Bob "Froggy" Landers w/ Willie Joe & his Unitar



It's time for the world to know about the meanest sounding guitar of the 50's.....Willie Joe & his Unitar!

Sure Link Wray's "Rumble" is the most sinister sounding 2:13 seconds R&R ever had! but Joe Willie Duncan listened to his woman when she said..."bigger is better, Joe Willie...!"

Willie's Unitar was a killer one-stringed instrument of atomic
proportions.....the Unitar. Made from an amplified 7 foot wood plank with one string [actually a wire] with a playing scale of over 4 and a half feet and wired with a DeArmond acoustic guitar pickup. Duncan didn't "pick" the string but instead used a hunk of leather to flog the string as he played it.

Specialty records' head honcho Rene' Hall flipped his first name and recorded him as Willie Joe & his Unitar and put Unitar Rock on the flip side of Bob "Froggy" Landers killer "Cherokee Dance".

Listen to both of these classic 50's hookie-lau's!!!

Bob "Froggy" Landers Cherokee Dance
Willie Joe & his Unitar Unitar Rock

Jerusalem - Kamakazi Moth

Jerusalem - Kamakazi Moth [Deram 1972]

I figured since my tastes range from blues, r&b, soul, garage, hard rock that I'd post something other that what I've been...having said that dig this pounding killer from a bunch of teenagers in the UK...

Jerusalem was an early 1970s British raunchy heavy rock five piece outfit, who released one self-titled album worldwide in 1972 on Deram, produced by Ian Gillan of Deep Purple. Their only other release was a 45 rpm 7 inch single, the non-album ‘Kamikazi Moth’ backed with ‘Frustration’ from the LP.

The band's raunchy, unpolished and brutal rock was "way ahead of its time" and therefore the band never "made it" in a true commercial sense at the time. They were very much a "live" band and whilst many other Rock bands were into getting their audiences to sit down and listen, Jerusalem were all about making their audiences stand up, move and join in. Gigging throughout Europe and shared the same stage as bands such as Black Sabbath, Deep Purple, Uriah Heep and Status Quo as well as playing at some of the major Festivals in Europe to audiences of 50,000+, usually going down in a storm, because they were different, raw and uninhibited. It has often been stated within the music business that Jerusalem were a substantial influence on many of the 2nd generation Rock "metal" bands and Punk bands of the 80's. Although signing with Deram, Nick Mobbs head of the EMI Harvest label also wanted them; he later became head of A&R for EMI and was the first person to sign the Sex Pistols.
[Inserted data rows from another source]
lemma divided_deriv_mult:
  "divided_deriv k (f * g) = (\<Sum>i\<le>k. divided_deriv i f * divided_deriv (k - i) g)"
proof (rule fls_eqI)
  fix m
  define n where "n = m + int k"
  define A where "A = {fls_subdegree f..n - fls_subdegree g}"
  have "divided_deriv k (f * g) $$ m = (\<Sum>\<alpha>\<in>A. (of_int n gchoose k) * (f $$ \<alpha> * g $$ (n - \<alpha>)))"
  proof -
    have "(f * g) $$ n = (\<Sum>\<alpha>\<in>A. f $$ \<alpha> * g $$ (n - \<alpha>))"
    proof (rule fls_times_nth_superset)
      fix \<alpha> assume "f $$ \<alpha> \<noteq> 0" "g $$ (n - \<alpha>) \<noteq> 0"
      then show "\<alpha> \<in> A"
        using fls_subdegree_leI[of f \<alpha>] fls_subdegree_leI[of g "n - \<alpha>"] unfolding A_def by auto
    qed (simp add: A_def)
    then show ?thesis by (simp add: divided_deriv_nth n_def sum_distrib_left)
  qed
  also have "\<dots> = (\<Sum>\<alpha>\<in>A. \<Sum>i\<le>k. ((of_int \<alpha> gchoose i) * (of_int (n - \<alpha>) gchoose (k - i)))
                               * (f $$ \<alpha> * g $$ (n - \<alpha>)))"
  proof (rule sum.cong)
    fix \<alpha>
    have "(of_int n :: complex) gchoose k
        = (\<Sum>i\<le>k. (of_int \<alpha> gchoose i) * (of_int (n - \<alpha>) gchoose (k - i)))"
      using gbinomial_Vandermonde[of "of_int \<alpha> :: complex" "of_int (n - \<alpha>)" k] by (simp add: atLeast0AtMost)
    then show "(of_int n gchoose k) * (f $$ \<alpha> * g $$ (n - \<alpha>)) = (\<Sum>i\<le>k. ((of_int \<alpha> gchoose i)
        * (of_int (n - \<alpha>) gchoose (k - i))) * (f $$ \<alpha> * g $$ (n - \<alpha>)))"
      by (simp add: sum_distrib_right)
  qed simp
  also have "\<dots> = (\<Sum>i\<le>k. (divided_deriv i f * divided_deriv (k - i) g) $$ m)"
    by (subst sum.swap) (rule sum.cong, simp_all add: divided_deriv_mult_nth n_def A_def)
  finally show "divided_deriv k (f * g) $$ m = (\<Sum>i\<le>k. divided_deriv i f * divided_deriv (k - i) g) $$ m"
    by (simp add: fls_nth_sum)
qed

lemma Eplus_add: "Eplus (f + g) = Eplus f + Eplus g"
  by (rule fls_eqI, rule fls_eqI) (simp add: Eplus_nth divided_deriv_nth algebra_simps)

lemma Eplus_1: "Eplus 1 = 1"
  by (rule fls_eqI, rule fls_eqI) (auto simp: Eplus_nth divided_deriv_nth gbinomial_0_left simp del: of_int_add)
lemma ideal_ideal_sum:
  assumes ideals: "\<forall>I\<in>S. ideal A I"
  shows "ideal A (ideal_sum A S)"
proof -
  let ?M = "ideal_sum A S"
  have closed: "x \<in> carrier A" if "x \<in> ?M" for x
    using ideal_sum_closed ideals that .
  have summand_closed: "u \<in> carrier A" if "I \<in> S" "u \<in> I" for I u
    using ideals ideal_subset that by blast
  have add: "add A x y \<in> ?M" if "x \<in> ?M" "y \<in> ?M" for x y
    using that(1)
  proof induct
    case (add_in I u v)
    then have "add A (add A u v) y = add A u (add A v y)"
      using summand_closed closed that(2) by (simp add: add_assoc)
    then show ?case using add_in ideal_sum.add_in by metis
  qed (use closed that(2) in simp)
  have smul: "smul A c x \<in> ?M" if "x \<in> ?M" for c x
    using that
  proof induct
    case (add_in I u v)
    then have "smul A c (add A u v) = add A (smul A c u) (smul A c v)"
      using summand_closed closed by (simp add: smul_add_distrib)
    then show ?case using add_in ideals ideal_smul ideal_sum.add_in by metis
  qed (simp add: ideal_sum.zero_in)
  have mul: "mul A x y \<in> ?M \<and> mul A y x \<in> ?M" if "x \<in> ?M" "y \<in> carrier A" for x y
    using that(1)
  proof induct
    case (add_in I u v)
    then have "mul A (add A u v) y = add A (mul A u y) (mul A v y)"
      and "mul A y (add A u v) = add A (mul A y u) (mul A y v)"
      using summand_closed closed that(2) by (simp_all add: distrib_left distrib_right)
    then show ?case
      using add_in ideals that(2) ideal_mul_left ideal_mul_right ideal_sum.add_in by metis
  qed (use that(2) ideal_sum.zero_in mul_zero_left mul_zero_right in simp)
  show ?thesis
    unfolding ideal_def using closed add smul mul ideal_sum.zero_in by blast
qed

subsection \<open>Derivations with invertible values\<close>

lemma derivation_closed: "derivation A d \<Longrightarrow> x \<in> carrier A \<Longrightarrow> d x \<in> carrier A"
  and derivation_add: "derivation A d \<Longrightarrow> x \<in> carrier A \<Longrightarrow> y \<in> carrier A \<Longrightarrow>
    d (add A x y) = add A (d x) (d y)"
  and derivation_smul: "derivation A d \<Longrightarrow> x \<in> carrier A \<Longrightarrow> d (smul A c x) = smul A c (d x)"
  and derivation_mul: "derivation A d \<Longrightarrow> x \<in> carrier A \<Longrightarrow> y \<in> carrier A \<Longrightarrow>
    d (mul A x y) = add A (mul A (d x) y) (mul A x (d y))"
  unfolding derivation_def by blast+

lemma derivation_zero: "derivation A d \<Longrightarrow> d (zero A) = zero A"
  by (metis add_left_cancel add_zero_left add_zero_right derivation_add derivation_closed zero_closed)

lemma zero_mem_ker: "derivation A d \<Longrightarrow> zero A \<in> ker A d"
  unfolding ker_def using derivation_zero by simp

lemma add_mem_ker: "derivation A d \<Longrightarrow> x \<in> ker A d \<Longrightarrow> y \<in> ker A d \<Longrightarrow> add A x y \<in> ker A d"
  using derivation_add[of d x y] by (simp add: ker_def)

lemma derivation_vanishes_on_proper_ideal:
  assumes comm: "\<forall>x\<in>carrier A. \<forall>y\<in>carrier A. mul A x y = mul A y x"
    and unit: "\<forall>x\<in>carrier A. mul A (one A) x = x"
    and der: "derivation A d"
    and inv_values: "\<forall>x\<in>carrier A. invertible A (d x) \<or> d x = zero A"
    and two: "(2::'f) \<noteq> 0"
    and I: "ideal A I" "I \<noteq> carrier A" and "x \<in> I"
  shows "d x = zero A"
proof (rule ccontr)
  assume "d x \<noteq> zero A"
  define a where "a = d x"
  have x: "x \<in> carrier A" using I \<open>x \<in> I\<close> ideal_subset by blast
  have a: "a \<in> carrier A" unfolding a_def using der x by (rule derivation_closed)
  have vanishes_in_I: "d y = zero A" if "y \<in> carrier A" "d y \<in> I" for y
    using inv_values invertible_not_in_proper_ideal[OF unit I] that by blast
  have "d (mul A x x) = add A (mul A x a) (mul A x a)"
    using derivation_mul[OF der x x] comm[rule_format, OF a x] unfolding a_def by simp
  also have "\<dots> = smul A 2 (mul A x a)" using x a by (simp add: add_self_eq_smul_two)
  finally have "smul A 2 (mul A x a) = zero A"
    using vanishes_in_I[of "mul A x x"] ideal_smul[OF I(1) ideal_mul_right[OF I(1) \<open>x \<in> I\<close> a]] x
    by simp
  then have "mul A x a = zero A" using two x a by (simp add: smul_eq_zeroD)
  then have "mul A a x = zero A" using comm[rule_format, OF a x] by simp
  then have "add A (mul A (d a) x) (mul A a a) = zero A"
    using derivation_mul[OF der a x] derivation_zero[OF der] unfolding a_def by simp
  then have "mul A a a \<in> I"
    using ideal_add_cancel_left[OF I(1) ideal_mul_left[OF I(1) \<open>x \<in> I\<close>]] ideal_zero[OF I(1)]
      derivation_closed[OF der a] a by simp
  moreover obtain y where "y \<in> carrier A" "mul A (mul A a a) y = a"
    using \<open>d x \<noteq> zero A\<close> inv_values x unfolding a_def invertible_def by blast
  ultimately have "a \<in> I" using ideal_mul_right[OF I(1)] by metis
  then show False using vanishes_in_I[OF x] \<open>d x \<noteq> zero A\<close> unfolding a_def by simp
qed

lemma ideal_sum_ker_subset_ker:
  "derivation A d \<Longrightarrow> ideal_sum A {I. ideal A I \<and> I \<subseteq> ker A d} \<subseteq> ker A d"
  using zero_mem_ker add_mem_ker by (intro ideal_sum_least) blast+

lemma proper_ideal_subset_ideal_sum_ker:
  assumes "\<forall>x\<in>carrier A. \<forall>y\<in>carrier A. mul A x y = mul A y x"
    and "\<forall>x\<in>carrier A. mul A (one A) x = x"
    and "derivation A d"
    and "\<forall>x\<in>carrier A. invertible A (d x) \<or> d x = zero A"
    and "(2::'f) \<noteq> 0"
    and I: "ideal A I" "I \<noteq> carrier A"
  shows "I \<subseteq> ideal_sum A {I. ideal A I \<and> I \<subseteq> ker A d}"
proof -
  have "I \<subseteq> ker A d"
    using derivation_vanishes_on_proper_ideal[OF assms] ideal_subset[OF I(1)] unfolding ker_def by blast
  then show ?thesis using I(1) by (intro ideal_sum_upper) auto
qed

end

subsection \<open>Quotient algebras\<close>

locale quotient_algebra = nonassoc_algebra A for A :: "('f::field, 'a) alg" +
  fixes M :: "'a set"
  assumes ideal_M: "ideal A M"
begin

lemma M_closed: "m \<in> M \<Longrightarrow> m \<in> carrier A"
  using ideal_M ideal_subset by blast

lemma mem_coset_iff: "x \<in> coset A M a \<longleftrightarrow> (\<exists>m\<in>M. x = add A a m)"
  unfolding coset_def by blast

lemma coset_add_ideal:
  assumes a: "a \<in> carrier A" and m: "m \<in> M"
  shows "coset A M (add A a m) = coset A M a"
proof (intro set_eqI iffI)
  fix x assume "x \<in> coset A M (add A a m)"
  then obtain n where n: "n \<in> M" and x: "x = add A (add A a m) n"
    by (auto simp: mem_coset_iff)
  have "x = add A a (add A m n)" using x a M_closed[OF m] M_closed[OF n] by (simp add: add_assoc)
  moreover have "add A m n \<in> M" using ideal_M m n by (rule ideal_add)
  ultimately show "x \<in> coset A M a" by (auto simp: mem_coset_iff)
next
  fix x assume "x \<in> coset A M a"
  then obtain n where n: "n \<in> M" and x: "x = add A a n"
    by (auto simp: mem_coset_iff)
  have m': "m \<in> carrier A" and n': "n \<in> carrier A" using m n by (simp_all add: M_closed)
  have "add A (add A a m) (add A (neg A m) n) = add A a (add A (add A m (neg A m)) n)"
    using a m' n' by (simp add: add_assoc del: add_neg_right)
  also have "\<dots> = x" using x n' m' by simp
  finally have "x = add A (add A a m) (add A (neg A m) n)" ..
  moreover have "add A (neg A m) n \<in> M" using ideal_M ideal_neg[OF ideal_M m] n by (rule ideal_add)
  ultimately show "x \<in> coset A M (add A a m)" by (auto simp: mem_coset_iff)
qed

lemma self_mem_coset: "a \<in> carrier A \<Longrightarrow> a \<in> coset A M a"
  using ideal_M ideal_zero by (force simp: mem_coset_iff)

lemma coset_eq_iff: "a \<in> carrier A \<Longrightarrow> b \<in> carrier A \<Longrightarrow> coset A M a = coset A M b \<longleftrightarrow> b \<in> coset A M a"
  using self_mem_coset coset_add_ideal by (auto simp: mem_coset_iff)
Keep in mind that these guys were all teenagers when they recorded.

Jerusalem Kamakazi Moth

Jimmie Raye - Hey Let's Dance

Jimmie Raye - Hey Let's Dance [Satan 1962]

Jimmie Raye Feagen was born in Alabama and raised in Niagara Falls, New York. His grandfather Abraham Singer was the voice that he listened to the most and being a minister, he introduced Jimmie to the bible. The family moved to Niagara Falls when he was eight years old.

At the age of nine The Junior Royal Gospel Singers was formed with Jimmie, his sisters Ina, Mae and Pearl. The Royal Gospel Singers were very popular in the Niagara Falls, Buffalo area and the Junior Royal Gospel Singers would often open the concert for them. Jimmie enjoyed singing the lord's music he learned growing up. In his home there were two types of music, Country and Gospel.....Rhythm and Blues was not allowed.

In 1962 Jimmie went to Washington D.C. where Bo Didley introduced Jimmie Raye to singer/producer Sylvester Steward [Sly Stone???]. Satan Records was the recording company formed and Jimmie recorded "Hey Let's Dance" b/w "Forgive Me."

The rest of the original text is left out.